Yesterday the Supreme Court agreed to hear a case directed at John Ashcroft when he was the attorney general of the U.S.
The case is about an American citizen, Abdullah al-Kidd, formally known as Lavoni Kidd, (until he changed his name when he converted to Islam), who was arrested in 2003 as he was attempting to fly to Saudi Arabia to study law on a scholarship he received.
Kidd was known by the FBI as months earlier he had openly cooperated with them in a case involving another man. Several months had elapsed since that interview and he never heard from the FBI again until his arrest.
Kidd had bought a round trip ticket but was arrested by the FBI at Dulles airport prior to the flight. He was brought before a magistrate and the arresting agent said inaccurately, Kidd had purchased a one way ticket. Based on that assumption the magistrate agreed to his being held. He was detained for 16 days, shackled, held in high security cells, had his passport confiscated and told upon his release he could only travel within the U.S.
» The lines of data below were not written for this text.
lemma openin_product_pullback_balls:
  fixes f :: "'a \<Rightarrow> 'b::metric_space" and c :: "'i::finite \<Rightarrow> 'b"
  shows "openin (product_topology (\<lambda>_. pullback_topology UNIV f euclidean) UNIV)
           (Pi\<^sub>E UNIV (\<lambda>i. f -` ball (c i) e))"
  by (simp add: openin_PiE openin_pullback_topology) (use open_ball in blast)

lemma openin_product_pullback_contains_balls:
  fixes f :: "'a \<Rightarrow> 'b::metric_space"
  assumes T: "openin (product_topology (\<lambda>_::'i::finite. pullback_topology UNIV f euclidean) UNIV) T"
    and "p \<in> T"
  obtains e where "e > 0" and "\<And>y. (\<And>i. dist (f (y i)) (f (p i)) < e) \<Longrightarrow> y \<in> T"
proof -
  obtain U where U: "\<And>i. openin (pullback_topology UNIV f euclidean) (U i)"
    "p \<in> Pi\<^sub>E UNIV U" "Pi\<^sub>E UNIV U \<subseteq> T"
    using T[unfolded openin_product_topology_alt, rule_format, OF \<open>p \<in> T\<close>] by blast
  have "\<forall>\<^sub>F e in at_right 0. \<forall>r. dist (f r) (f (p i)) < e \<longrightarrow> r \<in> U i" for i
  proof -
    obtain G where "open G" "U i = f -` G"
      using U(1)[of i] by (auto simp: openin_pullback_topology)
    moreover have "f (p i) \<in> G"
      using U(2) \<open>U i = f -` G\<close> by auto
    ultimately obtain b where "b > 0" "ball (f (p i)) b \<subseteq> G"
      by (meson open_contains_ball)
    then show ?thesis
      unfolding eventually_at_right_field
      by (intro exI[of _ b]) (auto simp: \<open>U i = f -` G\<close> dist_commute)
  qed
  then have "\<forall>\<^sub>F e in at_right 0. \<forall>i r. dist (f r) (f (p i)) < e \<longrightarrow> r \<in> U i"
    by (rule eventually_all_finite)
  then obtain b :: real where "b > 0"
    and b: "\<And>e. 0 < e \<Longrightarrow> e < b \<Longrightarrow> \<forall>i r. dist (f r) (f (p i)) < e \<longrightarrow> r \<in> U i"
    unfolding eventually_at_right_field by blast
  show ?thesis
  proof (rule that)
    show "b / 2 > 0"
      using \<open>b > 0\<close> by simp
    fix y assume "\<And>i. dist (f (y i)) (f (p i)) < b / 2"
    then have "y \<in> Pi\<^sub>E UNIV U"
      using b[of "b / 2"] \<open>b > 0\<close> by (simp add: PiE_iff)
    then show "y \<in> T"
      using U(3) by blast
  qed
qed
lemma (in group) normal_Inter:
  assumes "\<N> \<noteq> {}" "\<And>N. N \<in> \<N> \<Longrightarrow> N \<lhd> G"
  shows "\<Inter>\<N> \<lhd> G"
proof -
  have "subgroup (\<Inter>\<N>) G"
    using subgroups_Inter[OF normal_imp_subgroup[OF assms(2)] assms(1)] .
  moreover have "x \<otimes> h \<otimes> inv x \<in> \<Inter>\<N>" if "x \<in> carrier G" "h \<in> \<Inter>\<N>" for x h
    using normal.inv_op_closed2[OF assms(2) that(1)] that(2) by blast
  ultimately show ?thesis by (simp add: normal_inv_iff)
qed

lemma closed_normal_Inter:
  assumes "group G" "\<N> \<noteq> {}" "\<And>N. N \<in> \<N> \<Longrightarrow> closed_normal G T N"
  shows "closed_normal G T (\<Inter>\<N>)"
proof -
  have "\<Inter>\<N> \<lhd> G"
    using group.normal_Inter[OF assms(1,2)] assms(3) unfolding closed_normal_def by blast
  moreover have "closedin T (\<Inter>\<N>)"
    using closedin_Inter[OF assms(2)] assms(3) unfolding closed_normal_def by blast
  ultimately show ?thesis unfolding closed_normal_def by blast
qed

text \<open>k lies in DL exactly when D meets the coset kL; this turns membership in a product
  into a non-emptiness statement about closed sets.\<close>
lemma (in group) mem_set_mult_iff_meets_coset:
  assumes "subgroup L G" "D \<subseteq> carrier G" "k \<in> carrier G"
  shows "k \<in> D <#> L \<longleftrightarrow> D \<inter> (k <#\<^bsub>G\<^esub> L) \<noteq> {}"
proof
  assume "k \<in> D <#> L"
  then obtain a l where a: "a \<in> D" and l: "l \<in> L" and "k = a \<otimes> l"
    unfolding set_mult_def by blast
  then have "a = k \<otimes> inv l"
    using assms(2) subgroup.mem_carrier[OF assms(1) l] by (auto simp: m_assoc)
  then show "D \<inter> (k <#\<^bsub>G\<^esub> L) \<noteq> {}"
    using a subgroup.m_inv_closed[OF assms(1) l] unfolding l_coset_def by blast
next
  assume "D \<inter> (k <#\<^bsub>G\<^esub> L) \<noteq> {}"
  then obtain l where kl: "k \<otimes> l \<in> D" and l: "l \<in> L" unfolding l_coset_def by blast
  have "k = (k \<otimes> l) \<otimes> inv l"
    using assms subgroup.mem_carrier[OF assms(1) l] by (simp add: m_assoc)
  then show "k \<in> D <#> L"
    unfolding set_mult_def using kl subgroup.m_inv_closed[OF assms(1) l] by blast
qed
In 2005 Kidd filed a suit against Ashcroft contending his rights had been violated by his arrest without probable cause. At the time Ashcroft asked the case be dismissed on grounds he was the attorney general and as such was immune from prosecution. A federal judge disagreed and so did the U.S. Circuit Court of Appeals.
Now the Supreme Court has agreed to hear the case next year.
What seems clear to this writer layman is Ashcroft and his FBI, in their zealous attempt to catch "alleged" bad guys, disregarded the law as it suited them.
One recalls, in an unrelated case, after anthrax found in letters had killed some postal workers in 2001 (the "anthrax scare") Ashcroft openly named Stephen Hatfill a "person of interest" in the anthrax investigation. He was never arrested or charged with anything but his name was sullied, his reputation ruined, he lost his job and was unable to secure new employment. All because of the air of suspicion created primarily because of Ashcroft's unjustified public airing.
But Hatfill filed suit against Ashcroft and in June 2008, the government settled paying Hatfill $2.825 million plus an annuity of $150,000 for the next 20 years.
Returning to Kidd's case against Ashcroft, the Obama Justice Department's lawyers have appealed on Ashcroft's behalf, asserting it would "severely damage law enforcement" if the attorney general could be held liable for abusing his authority. To this observer, doesn't such a stance unnecessarily raise suspicion about the activities of the current Attorney General Eric Holder? Is he engaging in activities that could be interpreted as not law abiding that could result in a suit brought against him?
From here it should all be rather simple; follow the law! Why is that such a hard concept to accept by officials charged with the responsibility to enforce the law?
As to Kidd, the government had the authority to hold someone as a material witness. But in this instance when Kidd was arrested Ashcroft's FBI stepped over the line when one of his men presented an untruth to the magistrate (Kidd's alleged one way ticket to Saudi Arabia whereby the magistrate justified having him held as a witness in the earlier case) that resulted in an illegal arrest, an illegal detention, an illegal travel restriction as well as Kidd alleging in his suit he was fired from a job because he was denied a security clearance as a result of his earlier arrest.
Such official law breaking leaves a trail of terrible human consequences. Luckily in Hatfill's case he was able to bring suit against the AG and be compensated by the government. Kidd's case is just as worthy.